Art Janette points out Cameron’s surfboard in the window. “That’s a Rozo,” he says. Cameron wanted a Rozo board, even as he became weaker. So skinny, he could barely stand up on the board, he surfed it before he died. Rozos take their name from Dickie “Rozo” Rosborough, who gained fame surfing in Hawaii, where he lived in a Quonset hut, in the 1970s and ’80s. A Jax native, Rozo, now in his 70s, lives nearby on the North Florida Keys on Heckscher Drive, where he shapes his own boards. Art calls it “a kind of island mysticism that brought Cameron and his family here.”

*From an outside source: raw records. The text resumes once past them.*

definition unitary4 :: "complex mat \<Rightarrow> bool" where
  "unitary4 g \<longleftrightarrow> g \<in> carrier_mat 4 4 \<and> g * dagger g = 1\<^sub>m 4 \<and> dagger g * g = 1\<^sub>m 4"

text \<open>The elementary hexagon labelled by R, as a cyclic list of its six sites:
  A(R) -c- B(R) -a- A(R+a1) -b- B(R+a1-a2) -c- A(R+a1-a2) -a- B(R-a2) -b- A(R).
  Every elementary hexagon of the honeycomb lattice is of this form for a unique R.\<close>
definition hex :: "int \<times> int \<Rightarrow> site list" where
  "hex R = [SA R, SB R, SA (vadd R a1), SB (vsub (vadd R a1) a2),
            SA (vsub (vadd R a1) a2), SB (vsub R a2)]"

definition loop_prod :: "site list \<Rightarrow> complex mat" where
  "loop_prod vs = foldr (\<lambda>k M. link (vs ! k) (vs ! ((k + 1) mod length vs)) * M)
                        [0..<length vs] (1\<^sub>m 4)"

text \<open>Undirected edges are represented as two-element sets of sites.\<close>
definition hex_edges :: "int \<times> int \<Rightarrow> site set set" where
  "hex_edges R = {{hex R ! k, hex R ! ((k + 1) mod 6)} | k. k < 6}"

definition flake_sites :: "(int \<times> int) set \<Rightarrow> site set" where
  "flake_sites \<Lambda> = (\<Union>R\<in>\<Lambda>. set (hex R))"

definition flake_edges :: "(int \<times> int) set \<Rightarrow> site set set" where
  "flake_edges \<Lambda> = (\<Union>R\<in>\<Lambda>. hex_edges R)"

text \<open>Cycle space (over GF(2)) of the flake graph: edge sets in which every vertex
  has even degree.  Generated by hexagon boundaries: each such edge set is the
  symmetric difference (GF(2)-sum) of the boundaries of some set of hexagons of the flake.\<close>
definition even_subgraph :: "site set set \<Rightarrow> bool" where
  "even_subgraph F \<longleftrightarrow> (\<forall>v. even (card {e \<in> F. v \<in> e}))"

definition gf2_sum_hex :: "(int \<times> int) set \<Rightarrow> site set set" where
  "gf2_sum_hex S = {e. odd (card {R \<in> S. e \<in> hex_edges R})}"

definition cycle_space_generated_by_hexagons :: "(int \<times> int) set \<Rightarrow> bool" where
  "cycle_space_generated_by_hexagons \<Lambda> \<longleftrightarrow>
     (\<forall>F \<subseteq> flake_edges \<Lambda>. even_subgraph F \<longrightarrow> (\<exists>S \<subseteq> \<Lambda>. F = gf2_sum_hex S))"

definition hamiltonian_path :: "(int \<times> int) set \<Rightarrow> site list \<Rightarrow> bool" where
  "hamiltonian_path \<Lambda> vs \<longleftrightarrow> distinct vs \<and> set vs = flake_sites \<Lambda> \<and>
     (\<forall>k. Suc k < length vs \<longrightarrow> {vs ! k, vs ! Suc k} \<in> flake_edges \<Lambda>)"

end

(*
  The three link matrices are Hermitian involutions that pairwise anticommute: they are
  Kronecker products of Pauli matrices, and the anticommutation of the Pauli matrices passes
  through the Kronecker product.  Walking once around a hexagon, from any site and in either
  direction, reads a word X Y Z X Y Z with {X, Y, Z} = {U^a, U^b, U^c}, and for anticommuting
  involutions X Y Z X Y Z = -1.

  For (ii) one gauge works on the whole lattice.  Every gauged link g_i U_ij g_j^dagger is then a word in the anticommuting
  involutions that reduces to +1 or -1, and these signs multiply to -1 around each hexagon.
*)

theory Submission
  imports Defs "Jordan_Normal_Form.Matrix_Impl"
begin

lemma dim_row_dagger [simp]: "dim_row (dagger A) = dim_col A"
  and dim_col_dagger [simp]: "dim_col (dagger A) = dim_row A"
  by (simp_all add: dagger_def)

lemma index_dagger [simp]:
  "i < dim_col A \<Longrightarrow> j < dim_row A \<Longrightarrow> dagger A $$ (i, j) = cnj (A $$ (j, i))"
  by (simp add: dagger_def)

lemma dagger_dagger [simp]: "dagger (dagger A) = A"
  by (rule eq_matI) auto

lemma dagger_one [simp]: "dagger (1\<^sub>m n) = 1\<^sub>m n"
  by (rule eq_matI) auto

lemma dagger_uminus [simp]: "dagger (- A) = - dagger A"
  by (rule eq_matI) auto

lemma dagger_smult [simp]: "dagger (c \<cdot>\<^sub>m A) = cnj c \<cdot>\<^sub>m dagger A"
  by (rule eq_matI) auto

lemma dagger_mult:
  assumes "dim_col A = dim_row B"
  shows "dagger (A * B) = dagger B * dagger A"
proof (rule eq_matI)
  fix i j assume "i < dim_row (dagger B * dagger A)" "j < dim_col (dagger B * dagger A)"
  then have i: "i < dim_col B" and j: "j < dim_row A" by simp_all
  have "dagger (A * B) $$ (i, j) = (\<Sum>k<dim_row B. cnj (A $$ (j, k)) * cnj (B $$ (k, i)))"
    using i j assms by (simp add: scalar_prod_def lessThan_atLeast0)
  also have "\<dots> = (dagger B * dagger A) $$ (i, j)"
    using i j assms by (simp add: scalar_prod_def lessThan_atLeast0 mult.commute)
  finally show "dagger (A * B) $$ (i, j) = (dagger B * dagger A) $$ (i, j)" .
qed auto

lemma one_smult_mat [simp]: "(1 :: 'a :: ring_1) \<cdot>\<^sub>m A = A"
  by (rule eq_matI) auto

lemma minus_one_smult_mat [simp]: "(- 1 :: 'a :: ring_1) \<cdot>\<^sub>m A = - A"
  by (rule eq_matI) auto

lemma assoc_mult_mat_dim:
  assumes "dim_col A = dim_row B" "dim_col B = dim_row C"
  shows "A * B * C = A * (B * C)"
  using assms by (intro assoc_mult_mat[of A "dim_row A" "dim_col A" B "dim_col B" C "dim_col C"])
    (auto simp del: assoc_mult_mat)

lemma anticommuting_involutions_word_square:
  fixes A B C :: "'a :: ring_1 mat"
  assumes carrier: "A \<in> carrier_mat n n" "B \<in> carrier_mat n n" "C \<in> carrier_mat n n"
    and inv: "A * A = 1\<^sub>m n" "B * B = 1\<^sub>m n" "C * C = 1\<^sub>m n"
    and anti: "B * A = - (A * B)" "C * A = - (A * C)" "C * B = - (B * C)"
  shows "A * (B * (C * (A * (B * C)))) = - 1\<^sub>m n"
proof -
  have swap: "Y * (X * Z) = - (X * (Y * Z))"
    if "Y * X = - (X * Y)" "X \<in> carrier_mat n n" "Y \<in> carrier_mat n n" "Z \<in> carrier_mat n n"
    for X Y Z :: "'a mat"
  proof -
    have "Y * (X * Z) = (Y * X) * Z" using that(2-4) by simp
    also have "\<dots> = - (X * (Y * Z))" using that by simp
    finally show ?thesis .
  qed
  have CBC: "C * (B * C) = - B"
    using swap[OF anti(3)] inv(3) carrier by simp
  have "C * (A * (B * C)) = A * B"
    using swap[OF anti(2)] CBC carrier by simp
  then have "A * (B * (C * (A * (B * C)))) = A * (B * (A * B))"
    by simp
  also have "\<dots> = - (A * (A * (B * B)))"
    using swap[OF anti(1)] carrier by simp
  finally show ?thesis
    using inv carrier by simp
qed

lemma pauli_carrier_mat [simp]:
  "pauli_x \<in> carrier_mat 2 2" "pauli_y \<in> carrier_mat 2 2" "pauli_z \<in> carrier_mat 2 2"
  unfolding pauli_x_def pauli_y_def pauli_z_def mat_of_rows_list_def by (simp_all add: numeral_2_eq_2)

lemma pauli_involution:
  "pauli_x * pauli_x = 1\<^sub>m 2" "pauli_y * pauli_y = 1\<^sub>m 2" "pauli_z * pauli_z = 1\<^sub>m 2"
  by code_simp+

lemma pauli_anticommute:
  "pauli_y * pauli_x = - (pauli_x * pauli_y)" "pauli_z * pauli_y = - (pauli_y * pauli_z)"
  by code_simp+

lemma dagger_pauli: "dagger pauli_x = pauli_x" "dagger pauli_y = pauli_y" "dagger pauli_z = pauli_z"
  by code_simp+

lemma dim_row_kron2 [simp]: "dim_row (kron2 A B) = 4"
  and dim_col_kron2 [simp]: "dim_col (kron2 A B) = 4"
  by (simp_all add: kron2_def)

lemma kron2_mult:
  assumes "A \<in> carrier_mat 2 2" "B \<in> carrier_mat 2 2" "C \<in> carrier_mat 2 2" "D \<in> carrier_mat 2 2"
  shows "kron2 A B * kron2 C D = kron2 (A * C) (B * D)"
proof (rule eq_matI)
  fix i j assume "i < dim_row (kron2 (A * C) (B * D))" "j < dim_col (kron2 (A * C) (B * D))"
  then have "i < 4" "j < 4" by simp_all
  have sum2: "(\<Sum>k\<in>{0..<2}. f k) = f 0 + f 1" and sum4: "(\<Sum>k\<in>{0..<4}. f k) = f 0 + f 1 + f 2 + f 3"
    for f :: "nat \<Rightarrow> complex"
    by (simp_all add: eval_nat_numeral atLeast0_lessThan_Suc)
  show "(kron2 A B * kron2 C D) $$ (i, j) = kron2 (A * C) (B * D) $$ (i, j)"
    using assms \<open>i < 4\<close> \<open>j < 4\<close> by (simp add: kron2_def scalar_prod_def sum2 sum4 algebra_simps)
qed simp_all

lemma kron2_uminus_left: "A \<in> carrier_mat 2 2 \<Longrightarrow> kron2 (- A) B = - kron2 A B"
  and kron2_uminus_right: "B \<in> carrier_mat 2 2 \<Longrightarrow> kron2 A (- B) = - kron2 A B"
  by (rule eq_matI; simp add: kron2_def less_mult_imp_div_less)+

lemma kron2_one: "kron2 (1\<^sub>m 2) (1\<^sub>m 2) = 1\<^sub>m 4"
proof (rule eq_matI)
  fix i j assume "i < dim_row (1\<^sub>m 4 :: complex mat)" "j < dim_col (1\<^sub>m 4 :: complex mat)"
  then have "i < 4" "j < 4" by simp_all
  moreover have "i = j \<longleftrightarrow> i div 2 = j div 2 \<and> i mod 2 = j mod 2"
    by (metis div_mult_mod_eq)
  ultimately show "kron2 (1\<^sub>m 2) (1\<^sub>m 2) $$ (i, j) = 1\<^sub>m 4 $$ (i, j)"
    by (simp add: kron2_def)
qed (simp_all add: kron2_def)

lemma dagger_kron2:
  "A \<in> carrier_mat 2 2 \<Longrightarrow> B \<in> carrier_mat 2 2 \<Longrightarrow> dagger (kron2 A B) = kron2 (dagger A) (dagger B)"
  by (rule eq_matI) (simp_all add: kron2_def less_mult_imp_div_less)

lemma dim_row_Umat [simp]: "dim_row (Umat \<alpha>) = 4"
  and dim_col_Umat [simp]: "dim_col (Umat \<alpha>) = 4"
  by (cases \<alpha>; simp add: Umat_def kron2_def)+

lemma Umat_carrier_mat: "Umat \<alpha> \<in> carrier_mat 4 4"
  by (simp add: carrier_matI)

lemma Umat_involution: "Umat \<alpha> * Umat \<alpha> = 1\<^sub>m 4"
  by (cases \<alpha>)
    (simp_all add: Umat_def kron2_mult mult_carrier_mat[of _ 2 2 _ 2] pauli_involution kron2_one)

lemma Umat_anticommute: "\<alpha> \<noteq> \<beta> \<Longrightarrow> Umat \<beta> * Umat \<alpha> = - (Umat \<alpha> * Umat \<beta>)"
  by (cases \<alpha>; cases \<beta>)
    (simp_all add: Umat_def kron2_mult mult_carrier_mat[of _ 2 2 _ 2] pauli_anticommute
      kron2_uminus_left kron2_uminus_right left_mult_one_mat[of _ 2 2] right_mult_one_mat[of _ 2 2])

lemma dagger_Umat [simp]: "dagger (Umat \<alpha>) = Umat \<alpha>"
  by (cases \<alpha>) (simp_all add: Umat_def dagger_kron2 dagger_pauli)

lemma Umat_hexagon_word:
  "distinct [\<alpha>, \<beta>, \<gamma>] \<Longrightarrow>
     Umat \<alpha> * (Umat \<beta> * (Umat \<gamma> * (Umat \<alpha> * (Umat \<beta> * Umat \<gamma>)))) = - 1\<^sub>m 4"
  by (intro anticommuting_involutions_word_square Umat_involution Umat_anticommute Umat_carrier_mat)
    auto

lemma Umat_mult_cancel:
  "dim_row Z = 4 \<Longrightarrow> Umat \<alpha> * (Umat \<alpha> * Z) = Z"
  using assoc_mult_mat_dim[of "Umat \<alpha>" "Umat \<alpha>" Z] by (simp add: Umat_involution)

lemma Umat_mult_swap:
  "\<beta> \<noteq> \<alpha> \<Longrightarrow> dim_row Z = 4 \<Longrightarrow> Umat \<beta> * (Umat \<alpha> * Z) = - (Umat \<alpha> * (Umat \<beta> * Z))"
  using assoc_mult_mat_dim[of "Umat \<beta>" "Umat \<alpha>" Z] assoc_mult_mat_dim[of "Umat \<alpha>" "Umat \<beta>" Z]
    Umat_anticommute[of \<alpha> \<beta>]
  by (simp del: assoc_mult_mat)

text \<open>Rewriting with these rules sorts every word in the link matrices into the order
  \<open>a < b < c\<close> and cancels squares, which decides all identities between such words.\<close>
lemmas Umat_normalize = assoc_mult_mat_dim dagger_mult Umat_involution Umat_mult_cancel
  Umat_anticommute[of Ta Tb, simplified] Umat_mult_swap[of Tb Ta, simplified]
  Umat_anticommute[of Ta Tc, simplified] Umat_mult_swap[of Tc Ta, simplified]
  Umat_anticommute[of Tb Tc, simplified] Umat_mult_swap[of Tc Tb, simplified]

lemma bond_type_commute: "bond_type i j = bond_type j i"
  by (cases i; cases j) simp_all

When I first arrive at St. George’s Episcopal Church and Art Janette asks me if I’ve met St. George, I wonder for a moment if the mythical dragonslayer resides on the island. Then he tells me he’s asking about St. George the Peacock. I doubt Hannah Rollins would approve. I doubt also she’d approve of her memorial window. But if such windows bring spirits into the church, and if the Carpenter Gothic structure braves the seas of the tribulations of the faithful, then surely this vessel knows most what this mythical island needs and can serve, even more than as a galleon, for the independent spirit, as a most rightly shaped surfboard.